CLAUDE SILVER: Yeah. I don’t want to do that. I can’t afford to do that right now, so I have to constantly ask myself, “Is what I’m thinking about in the future really true? Is it true? Probably not. It’s a future. It’s a future fear, so let’s focus on what I can control.” I use the Serenity Prayer. I’m not joking. I say it a lot. I focus on the 24 hours in front of me and what is in my control. I do a gratitude list every day, and even if that’s, “I had the best time with my daughter today” or “It was sunny” or “It was Passover and we did a family Zoom.” Whatever it is, I just focus on three things and I write them down on a big board, and that’s really grounding for me, too.
And then I also make sure that I am in contact with my friends so it’s not just my family here, it’s not just my work. I’m making sure that I have a conversation or a Zoom with one friend a day who knows me, who we can laugh, we can giggle, and obviously I think laughter is one of the best remedies for fear. And I’m doing some meditation. I signed up to a couple different apps. Headspace right now is giving away a lot of the meditations for free to New Yorkers. You know, just bringing in as much goodness as I possibly can and not denying that I have fear, because I do, but really focusing on where is it coming from and what can I control? Let’s focus on what I can control.
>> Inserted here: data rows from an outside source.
lemma special_partitions_eq:
  "special_partitions n = {A \<in> consecutive_top_partitions n. 1 \<notin> A \<and> Max A - 2 \<in> A}"
proof (intro set_eqI iffI)
  fix A assume "A \<in> special_partitions n"
  then show "A \<in> {A \<in> consecutive_top_partitions n. 1 \<notin> A \<and> Max A - 2 \<in> A}"
    unfolding special_partitions_def consecutive_top_partitions_def by force
next
  fix A assume A: "A \<in> {A \<in> consecutive_top_partitions n. 1 \<notin> A \<and> Max A - 2 \<in> A}"
  then have fin: "finite A" and "0 \<notin> A" "1 \<notin> A" and top: "Max A - 1 \<in> A" "Max A - 2 \<in> A"
    by (auto simp: consecutive_top_partitions_def mem_strict_partitions_iff)
  then have ge2: "\<forall>x\<in>A. 2 \<le> x" by (metis One_nat_def less_2_cases not_less)
  have "Max A \<in> A" using fin top by (intro Max_in) auto
  have "4 \<le> Max A" using ge2 top(2) by fastforce
  have "{Max A, Max A - 1, Max A - 2} \<subseteq> A" using \<open>Max A \<in> A\<close> top by auto
  moreover have "card {Max A, Max A - 1, Max A - 2} = 3"
    using \<open>4 \<le> Max A\<close> by (auto simp: card_insert_if)
  ultimately have "3 \<le> card A" using fin by (metis card_mono)
  with A ge2 show "A \<in> special_partitions n"
    by (auto simp: special_partitions_def consecutive_top_partitions_def)
qed

lemma bij_betw_insert_one:
  assumes "3 \<le> n"
  shows "bij_betw (insert 1) {A \<in> consecutive_top_partitions n. 1 \<notin> A}
           {B \<in> consecutive_top_partitions (Suc n). 1 \<in> B}"
proof -
  have insert: "insert 1 A \<in> {B \<in> consecutive_top_partitions (Suc n). 1 \<in> B}
      \<and> insert 1 A - {1} = A"
    if "A \<in> {A \<in> consecutive_top_partitions n. 1 \<notin> A}" for A
  proof -
    from that have fin: "finite A" and "0 \<notin> A" "1 \<notin> A" "\<Sum>A = n" and top: "Max A - 1 \<in> A"
      by (auto simp: consecutive_top_partitions_def mem_strict_partitions_iff)
    then have "A \<noteq> {}" using assms by auto
    have "1 \<le> Max A" using fin \<open>A \<noteq> {}\<close> \<open>0 \<notin> A\<close> by (metis Max_in less_one not_less)
    then have "Max (insert 1 A) = Max A" using fin \<open>A \<noteq> {}\<close> by (simp add: max_def)
    with fin \<open>0 \<notin> A\<close> \<open>1 \<notin> A\<close> \<open>\<Sum>A = n\<close> top show ?thesis
      by (simp add: consecutive_top_partitions_def mem_strict_partitions_iff)
  qed
  have delete: "B - {1} \<in> {A \<in> consecutive_top_partitions n. 1 \<notin> A} \<and> insert 1 (B - {1}) = B"
    if B: "B \<in> {B \<in> consecutive_top_partitions (Suc n). 1 \<in> B}" for B
  proof -
    from B have fin: "finite B" and "0 \<notin> B" "1 \<in> B" "\<Sum>B = Suc n" and top: "Max B - 1 \<in> B"
      by (auto simp: consecutive_top_partitions_def mem_strict_partitions_iff)
    have "2 < Max B"
      using B assms by (intro Max_gt_if_strict_partition_gt[of B "Suc n"])
        (auto simp: consecutive_top_partitions_def numeral_2_eq_2)
    then have "Max (B - {1}) = Max B"
      using fin \<open>1 \<in> B\<close> by (intro Max_eqI) (auto intro!: Max_in)
    moreover have "\<Sum>(B - {1}) = n"
      using sum.remove[OF fin \<open>1 \<in> B\<close>, of "\<lambda>x. x"] \<open>\<Sum>B = Suc n\<close> by simp
    ultimately show ?thesis using fin \<open>0 \<notin> B\<close> \<open>1 \<in> B\<close> \<open>2 < Max B\<close> top
      by (auto simp: consecutive_top_partitions_def mem_strict_partitions_iff)
  qed
  show ?thesis
    by (rule bij_betw_byWitness[where f' = "\<lambda>B. B - {1}"]) (use insert delete in auto)
qed

definition absorb_one :: "nat set \<Rightarrow> nat set" where
  "absorb_one A = insert (Suc (Max A)) (A - {1, Max A - 1})"

definition release_one :: "nat set \<Rightarrow> nat set" where
  "release_one B = insert 1 (insert (Max B - 2) (B - {Max B}))"

lemma Max_absorb_one: "finite A \<Longrightarrow> Max (absorb_one A) = Suc (Max A)"
  unfolding absorb_one_def by (rule Max_eqI) (auto simp: le_SucI)

lemma Max_release_one:
  assumes "finite B" and "Max B - 1 \<in> B" and "1 < Max B"
  shows "Max (release_one B) = Max B - 1"
proof -
  have "y \<le> Max B - 1" if "y \<in> B - {Max B}" for y
    using that Max_ge[OF assms(1), of y] by auto
  then show ?thesis unfolding release_one_def using assms by (intro Max_eqI) auto
qed

lemma sum_absorb_one:
  fixes A :: "nat set"
  assumes "finite A" and "1 \<in> A" and "Max A - 1 \<in> A" and "2 < Max A"
  shows "\<Sum>(absorb_one A) = Suc (\<Sum>A)"
proof -
  let ?R = "A - {1} - {Max A - 1}"
  have "Suc (Max A) \<notin> A" using Max_ge[OF assms(1)] by fastforce
  then have "\<Sum>(absorb_one A) = Suc (Max A) + \<Sum>?R"
    unfolding absorb_one_def using assms(1) by (simp add: Diff_insert2[symmetric])
  moreover have "\<Sum>A = 1 + \<Sum>(A - {1})" using sum.remove[OF assms(1,2)] .
  moreover have "\<Sum>(A - {1}) = (Max A - 1) + \<Sum>?R"
    using assms by (intro sum.remove) auto
  ultimately show ?thesis using assms(4) by simp
qed

lemma sum_release_one:
  fixes B :: "nat set"
  assumes "finite B" and "B \<noteq> {}" and "1 \<notin> B" and "Max B - 2 \<notin> B" and "3 < Max B"
  shows "Suc (\<Sum>(release_one B)) = \<Sum>B"
proof -
  have "Max B \<in> B" using assms by (intro Max_in) auto
  have "Suc (\<Sum>(release_one B)) = Max B + \<Sum>(B - {Max B})"
    unfolding release_one_def using assms by simp
  also have "\<dots> = \<Sum>B" using sum.remove[OF assms(1) \<open>Max B \<in> B\<close>, of "\<lambda>x. x"] by simp
  finally show ?thesis .
qed

lemma release_one_absorb_one:
  assumes "finite A" and "1 \<in> A" and "Max A - 1 \<in> A" and "2 < Max A"
  shows "release_one (absorb_one A) = A"
proof -
  have "Suc (Max A) \<notin> A" using Max_ge[OF assms(1)] by fastforce
  then have "absorb_one A - {Suc (Max A)} = A - {1, Max A - 1}"
    unfolding absorb_one_def by auto
  then have "release_one (absorb_one A) = insert 1 (insert (Max A - 1) (A - {1, Max A - 1}))"
    unfolding release_one_def Max_absorb_one[OF assms(1)] by simp
  also have "\<dots> = A" using assms(2,3) by blast
  finally show ?thesis .
qed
JENNIFER BROWN: That’s some really beautiful advice, and I just picked up a new hashtag, future-trip. Just say no to the spiral that we can go into, because we can’t know, and in a way view that as liberating, because to me if we don’t go down that road, it is a challenge to stay very, very present, and there’s so much to be discovered in being present that I think we’re normally too busy to access. So I know, for me, accessing the deeper stuff right now is accessible to me in a different way. As long as I can put that future-trip to the side. I think that’s the big if, and that’s a muscle that we’re all working on.
CLAUDE SILVER: That’s right.
JENNIFER BROWN: But if you can get to that place of acceptance and think of meaning and significance and what’s really important, right now is a time to just listen to yourself in a really deep way and say, “What do I want? What do I want to be a part of creating out of this? What’s important to me?” It’s very much a fertile time for us as leaders and humans. Claude, this has been so helpful, and I know our audience is going to just eat it up. It’s just the right message, right time, from the right person, and I so appreciate how you’re holding others up right now in the way that you do. I hope everybody will follow you in social. Where do you like to be? Where do you like to share what’s going on for you?
CLAUDE SILVER: Yeah. I share on LinkedIn quite a bit.
JENNIFER BROWN: Okay.
CLAUDE SILVER: And on Instagram. Yeah, and on Twitter.
JENNIFER BROWN: Okay.
CLAUDE SILVER: But anywhere, and I’d love it if people DM me or write me. It might take me a while to get back to everyone, but I do write back. And I’d love to know… I always want to know how I can be of value. That’s really it.
JENNIFER BROWN: That’s so awesome. That’s such a generous offer. Thank you for doing that, and I don’t doubt that the audience will hit you up, as they should.
CLAUDE SILVER: Okay.
JENNIFER BROWN: Keep on leading with heart and reminding us about where the heart lives in all of us, as you do, and thanks so much for joining me, Claude.
CLAUDE SILVER: Thank you, Jennifer. Have a great, great day.